_Brief_
The answer should hold only the line with "using Sx_H1[of x]" and each line after it through the last line of the material, exactly.

_Exercise input_
lemma centerG_wmul:
  assumes s: "s \<in> centerG C" and h: "g1 \<in> Wset C" and k: "k \<in> Wset C"
  shows "s (snd (wmul g1 k)) = s (snd g1) * s (snd k)"
proof -
  have "fst k \<in> weyl0 C" using k unfolding Wset_def by auto
  then have "s (inv (fst (fst k)) (snd g1)) = s (snd g1)" by (rule centerG_inv_weyl_invariant[OF s])
  then show ?thesis unfolding wmul_def using torus_mult[OF centerG_torus[OF s]] by simp
qed

lemma fchar_conv_centerG:
  assumes s: "s \<in> centerG C" and a: "a \<in> H1 C" and b: "b \<in> H1 C"
  shows "fchar s (conv a b) = fchar s a * fchar s b"
proof (rule fchar_conv)
  show "finite (supp a)" "finite (supp b)" using a b unfolding H1_iff by auto
  fix g1 k assume "g1 \<in> supp a" "k \<in> supp b"
  then show "s (snd (wmul g1 k)) = s (snd g1) * s (snd k)"
    using a b unfolding H1_iff by (intro centerG_wmul[OF s]) auto
qed

(* For s in Z(G), fchar s kills the ideal I_{1,s}: on the generators this is
   phi_{1,s}(S_x) = sum_{y in W_0 x} s(y). *)
lemma fchar_Iideal:
  assumes s: "s \<in> centerG C"
  shows "a \<in> Iideal C s \<Longrightarrow> a \<in> H1 C \<and> fchar s a = 0"
proof (induction rule: Iideal.induct)
  case (gen x)
  have e: "(\<lambda>g. Sx C x g - phi C s x * Tw wone g) = (\<lambda>g. Sx C x g + (- phi C s x) * Tw wone g)"
    by simp
  have "(\<lambda>g. Sx C x g + (- phi C s x) * Tw wone g) \<in> H1 C"
    by (intro H1_add H1_smult Sx_H1 Tw_H1 wone_Wset)
  moreover have "fchar s (\<lambda>g. Sx C x g + (- phi C s x) * Tw wone g) = 0"
  proof -
    have fs: "finite (supp (Sx C x))" "finite (supp (Tw (wone::'i affw)))"
      using Sx_H1[of x] Tw_H1[OF wone_Wset[of C]] unfolding H1_iff by auto
    have "s zero_wt = 1" using centerG_torus[OF s] unfolding torus_def by simp
    then show ?thesis unfolding fchar_lin[OF fs] fchar_Sx fchar_Tw phi_def
      by (simp add: wone_def)
  qed
  ultimately show ?case unfolding e by simp
next
  case zero
  have "supp (\<lambda>g::'i affw. 0::complex) = {}" unfolding supp_def by simp
  then show ?case unfolding H1_iff fchar_def by simp
next
  case (add a b)
  have h: "a \<in> H1 C" "b \<in> H1 C" using add.IH by auto
  then have "(\<lambda>g. a g + b g) \<in> H1 C" by (rule H1_add)
  moreover have "fchar s (\<lambda>g. a g + b g) = fchar s a + fchar s b"
    using h by (intro fchar_add) (auto simp: H1_iff)
  ultimately show ?case using add.IH by simp
next
  case (lmul a b)
  then show ?case using H1_conv[of a C b] fchar_conv_centerG[OF s] by simp
next
  case (rmul a b)
  then show ?case using H1_conv[of b C a] fchar_conv_centerG[OF s] by simp
qed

_Exercise result_
      using Sx_H1[of x] Tw_H1[OF wone_Wset[of C]] unfolding H1_iff by auto
    have "s zero_wt = 1" using centerG_torus[OF s] unfolding torus_def by simp
    then show ?thesis unfolding fchar_lin[OF fs] fchar_Sx fchar_Tw phi_def
      by (simp add: wone_def)
  qed
  ultimately show ?case unfolding e by simp
next
  case zero
  have "supp (\<lambda>g::'i affw. 0::complex) = {}" unfolding supp_def by simp
  then show ?case unfolding H1_iff fchar_def by simp
next
  case (add a b)
  have h: "a \<in> H1 C" "b \<in> H1 C" using add.IH by auto
  then have "(\<lambda>g. a g + b g) \<in> H1 C" by (rule H1_add)
  moreover have "fchar s (\<lambda>g. a g + b g) = fchar s a + fchar s b"
    using h by (intro fchar_add) (auto simp: H1_iff)
  ultimately show ?case using add.IH by simp
next
  case (lmul a b)
  then show ?case using H1_conv[of a C b] fchar_conv_centerG[OF s] by simp
next
  case (rmul a b)
  then show ?case using H1_conv[of b C a] fchar_conv_centerG[OF s] by simp
qed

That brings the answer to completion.